If a plaintiff fails to serve a notice of trial within 10 days of delivery of the defence the defendant may do so.

Even if a witness has confirmed he will attend it is still strongly advisable to issue and serve a witness summons by personal service or registered post.

Amendment of pleadings

If a party needs to amend any pleading the consent of the Court will be required. Getting the consent of the other party in the first instance will be helpful, too.

Notices of Motion

Notices of motion can be dealt with by the County Registrar and can deal with a wide range of issues such as

  • an order for discovery
  • an order to dismiss an action for want of prosecution
  • an order for the enlargement of time for taking any step
  • an order for directions as to service of a civil bill
  • and many more administrative matters.

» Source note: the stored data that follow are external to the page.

definition Lp_norm :: "'a measure \<Rightarrow> real \<Rightarrow> ('a \<Rightarrow> real) \<Rightarrow> real" where
  "Lp_norm M p f = (\<integral>x. \<bar>f x\<bar> powr p \<partial>M) powr (1 / p)"

definition memLp :: "'a measure \<Rightarrow> real \<Rightarrow> ('a \<Rightarrow> real) \<Rightarrow> bool" where
  "memLp M p f \<longleftrightarrow> f \<in> borel_measurable M \<and> integrable M (\<lambda>x. \<bar>f x\<bar> powr p)"

definition conv :: "'a measure \<Rightarrow> ('a::ab_group_add \<Rightarrow> real) \<Rightarrow> ('a \<Rightarrow> real) \<Rightarrow> 'a \<Rightarrow> real" where
  "conv M K f x = (\<integral>y. K (x - y) * f y \<partial>M)"

text \<open>Functions on R^d that are Z^d-periodic, i.e. functions on the torus R^d/Z^d.\<close>
definition Zd_periodic :: "('a::euclidean_space \<Rightarrow> real) \<Rightarrow> bool" where
  "Zd_periodic g \<longleftrightarrow> (\<forall>x. \<forall>b\<in>Basis. g (x + b) = g x)"

text \<open>Haar (Lebesgue) measure on the torus, realised on the fundamental domain [0,1]^d.\<close>
definition torus_measure :: "'a::euclidean_space measure" where
  "torus_measure = lebesgue_on (cbox 0 One)"

end

theory Submission
  imports Defs
begin

text \<open>
  For fixed x the kernel y \<mapsto> K (x - y) is a sub-probability density. Jensen's inequality for
  t \<mapsto> t powr (2/p) gives |K*f|^p \<le> (K*|f|^(p/2))^2 pointwise if p \<ge> 2; for p \<le> 2, Hoelder's
  inequality applied to |f| = (|f|^(p/2))^\<theta> (|f|^p)^(1-\<theta>) with \<theta> = 2(p-1)/p gives
  |K*f|^p \<le> (K*|f|^(p/2))^(2(p-1)) (K*|f|^p)^(2-p). Integrating in x, Hoelder's inequality once more
  and \<integral> K*|f|^p \<le> \<integral> |f|^p (Tonelli, the integral of K(x - y) in x being 1) give the claim.
  All that is used about K(x - y) is that it is a nonnegative kernel whose row and column integrals
  are at most 1; on the torus this comes from the translation invariance of integrals of periodic
  functions over unit cubes.
\<close>

section \<open>Weighted Hoelder and Jensen inequalities\<close>

lemma powr_mult_powr_le_convex_comb:
  fixes a b A B \<theta> :: real
  assumes "0 \<le> a" "0 \<le> b" "0 < A" "0 < B" "0 \<le> \<theta>" "\<theta> \<le> 1"
  shows "a powr \<theta> * b powr (1 - \<theta>) \<le> A powr \<theta> * B powr (1 - \<theta>) * (\<theta> / A * a + (1 - \<theta>) / B * b)"
proof -
  have "(a / A) powr \<theta> * (b / B) powr (1 - \<theta>) \<le> \<theta> * (a / A) + (1 - \<theta>) * (b / B)"
    using assms Youngs_inequality_0[of \<theta> "1 - \<theta>" "a / A" "b / B"] by (cases "a = 0 \<or> b = 0") auto
  moreover have "(a / A) powr \<theta> * (b / B) powr (1 - \<theta>) = a powr \<theta> * b powr (1 - \<theta>) / (A powr \<theta> * B powr (1 - \<theta>))"
    using assms by (simp add: powr_divide)
  ultimately show ?thesis
    using assms by (simp add: divide_le_eq mult.commute)
qed

lemma weighted_Holder_integral:
  fixes w a b :: "'b \<Rightarrow> real" and N :: "'b measure"
  assumes [measurable]: "w \<in> borel_measurable N" "a \<in> borel_measurable N" "b \<in> borel_measurable N"
    and nonneg: "\<And>y. y \<in> space N \<Longrightarrow> 0 \<le> w y \<and> 0 \<le> a y \<and> 0 \<le> b y"
    and wa: "integrable N (\<lambda>y. w y * a y)" and wb: "integrable N (\<lambda>y. w y * b y)"
    and \<theta>: "0 < \<theta>" "\<theta> < 1"
  shows "integrable N (\<lambda>y. w y * (a y powr \<theta> * b y powr (1 - \<theta>)))"
    and "(\<integral>y. w y * (a y powr \<theta> * b y powr (1 - \<theta>)) \<partial>N)
          \<le> (\<integral>y. w y * a y \<partial>N) powr \<theta> * (\<integral>y. w y * b y \<partial>N) powr (1 - \<theta>)"
proof -
  define A where "A = (\<integral>y. w y * a y \<partial>N)"
  define B where "B = (\<integral>y. w y * b y \<partial>N)"
  have bound: "w y * (a y powr \<theta> * b y powr (1 - \<theta>))
      \<le> A' powr \<theta> * B' powr (1 - \<theta>) * (\<theta> / A' * (w y * a y) + (1 - \<theta>) / B' * (w y * b y))"
    if "y \<in> space N" "0 < A'" "0 < B'" for y A' B'
    using mult_left_mono[OF powr_mult_powr_le_convex_comb[of "a y" "b y" A' B' \<theta>], of "w y"] nonneg[OF that(1)] that \<theta>
    by (simp add: algebra_simps)
  show int: "integrable N (\<lambda>y. w y * (a y powr \<theta> * b y powr (1 - \<theta>)))"
    by (rule Bochner_Integration.integrable_bound[where f="\<lambda>y. \<theta> * (w y * a y) + (1 - \<theta>) * (w y * b y)"])
       (use wa wb bound[of _ 1 1] nonneg in \<open>auto intro!: AE_I2 intro: order.trans[OF _ abs_ge_self]\<close>)
  show "(\<integral>y. w y * (a y powr \<theta> * b y powr (1 - \<theta>)) \<partial>N) \<le> A powr \<theta> * B powr (1 - \<theta>)"
  proof (cases "A = 0 \<or> B = 0")
    case True
    have "AE y in N. w y * a y = 0 \<or> w y * b y = 0"
      using True integral_nonneg_eq_0_iff_AE[OF wa] integral_nonneg_eq_0_iff_AE[OF wb] nonneg
      unfolding A_def B_def by (auto elim!: eventually_mono)
    then have "AE y in N. w y * (a y powr \<theta> * b y powr (1 - \<theta>)) = 0"
      by eventually_elim auto
    then show ?thesis
      by (simp add: integral_eq_zero_AE)
  next
    case False
    have "0 \<le> A" "0 \<le> B"
      unfolding A_def B_def using nonneg by auto
    with False have AB: "0 < A" "0 < B" by auto
    have "(\<integral>y. w y * (a y powr \<theta> * b y powr (1 - \<theta>)) \<partial>N)
        \<le> (\<integral>y. A powr \<theta> * B powr (1 - \<theta>) * (\<theta> / A * (w y * a y) + (1 - \<theta>) / B * (w y * b y)) \<partial>N)"
      using wa wb bound AB by (intro integral_mono[OF int]) auto
    also have "\<dots> = A powr \<theta> * B powr (1 - \<theta>)"
      using wa wb AB unfolding A_def B_def by simp
    finally show ?thesis .
  qed
qed

lemma weighted_Jensen_powr:
  fixes w a :: "'b \<Rightarrow> real" and N :: "'b measure"
  assumes [measurable]: "w \<in> borel_measurable N" "a \<in> borel_measurable N"
    and nonneg: "\<And>y. y \<in> space N \<Longrightarrow> 0 \<le> w y \<and> 0 \<le> a y"
    and w: "integrable N w" "(\<integral>y. w y \<partial>N) \<le> 1"
    and wa: "integrable N (\<lambda>y. w y * a y)"
    and \<theta>: "0 < \<theta>" "\<theta> \<le> 1"
  shows "integrable N (\<lambda>y. w y * a y powr \<theta>)"
    and "(\<integral>y. w y * a y powr \<theta> \<partial>N) \<le> (\<integral>y. w y * a y \<partial>N) powr \<theta>"
proof -
  have "integrable N (\<lambda>y. w y * a y powr \<theta>) \<and>
      (\<integral>y. w y * a y powr \<theta> \<partial>N) \<le> (\<integral>y. w y * a y \<partial>N) powr \<theta>"
  proof (cases "\<theta> = 1")
    case True
    have eq: "w y * a y powr \<theta> = w y * a y" if "y \<in> space N" for y
      using nonneg[OF that] True by simp
    have "integrable N (\<lambda>y. w y * a y powr \<theta>)"
      using wa by (simp add: Bochner_Integration.integrable_cong[OF refl eq])
    moreover have "(\<integral>y. w y * a y powr \<theta> \<partial>N) = (\<integral>y. w y * a y \<partial>N)"
      using eq by (rule Bochner_Integration.integral_cong[OF refl])
    ultimately show ?thesis
      using True by simp
  next
    case False
    have w1: "integrable N (\<lambda>y. w y * 1)"
      using w by simp
    have "(\<integral>y. w y * (a y powr \<theta> * 1 powr (1 - \<theta>)) \<partial>N)
        \<le> (\<integral>y. w y * a y \<partial>N) powr \<theta> * (\<integral>y. w y * 1 \<partial>N) powr (1 - \<theta>)"
      using False \<theta> nonneg by (intro weighted_Holder_integral(2)[OF _ _ _ _ wa w1]) auto
    also have "\<dots> \<le> (\<integral>y. w y * a y \<partial>N) powr \<theta>"
    proof (rule mult_left_le)
      have "0 \<le> (\<integral>y. w y * 1 \<partial>N)"
        using nonneg by simp
      then show "(\<integral>y. w y * 1 \<partial>N) powr (1 - \<theta>) \<le> 1"
        using w \<theta> by (simp add: powr_le1)
    qed simp
    finally show ?thesis
      using weighted_Holder_integral(1)[OF _ _ _ _ wa w1, of \<theta>] False \<theta> nonneg by simp
  qed
  then show "integrable N (\<lambda>y. w y * a y powr \<theta>)"
    and "(\<integral>y. w y * a y powr \<theta> \<partial>N) \<le> (\<integral>y. w y * a y \<partial>N) powr \<theta>"
    by auto
qed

Judgment following the trial

Judgment will be given following the trial and a copy of the order can be obtained from the County Registrar.

Judgment in default of appearance or defence

If the defendant fails to enter an appearance or defence the plaintiff can obtain judgment “in default”. The procedures are slightly different between debt recovery cases and other actions in tort and contract. In tort and contract cases the procedure to obtain judgment is by notice of motion and grounding affidavit.

Remittal and transfer of actions

Cases can be transferred from the Circuit court to the other courts-District or High-and vice versa.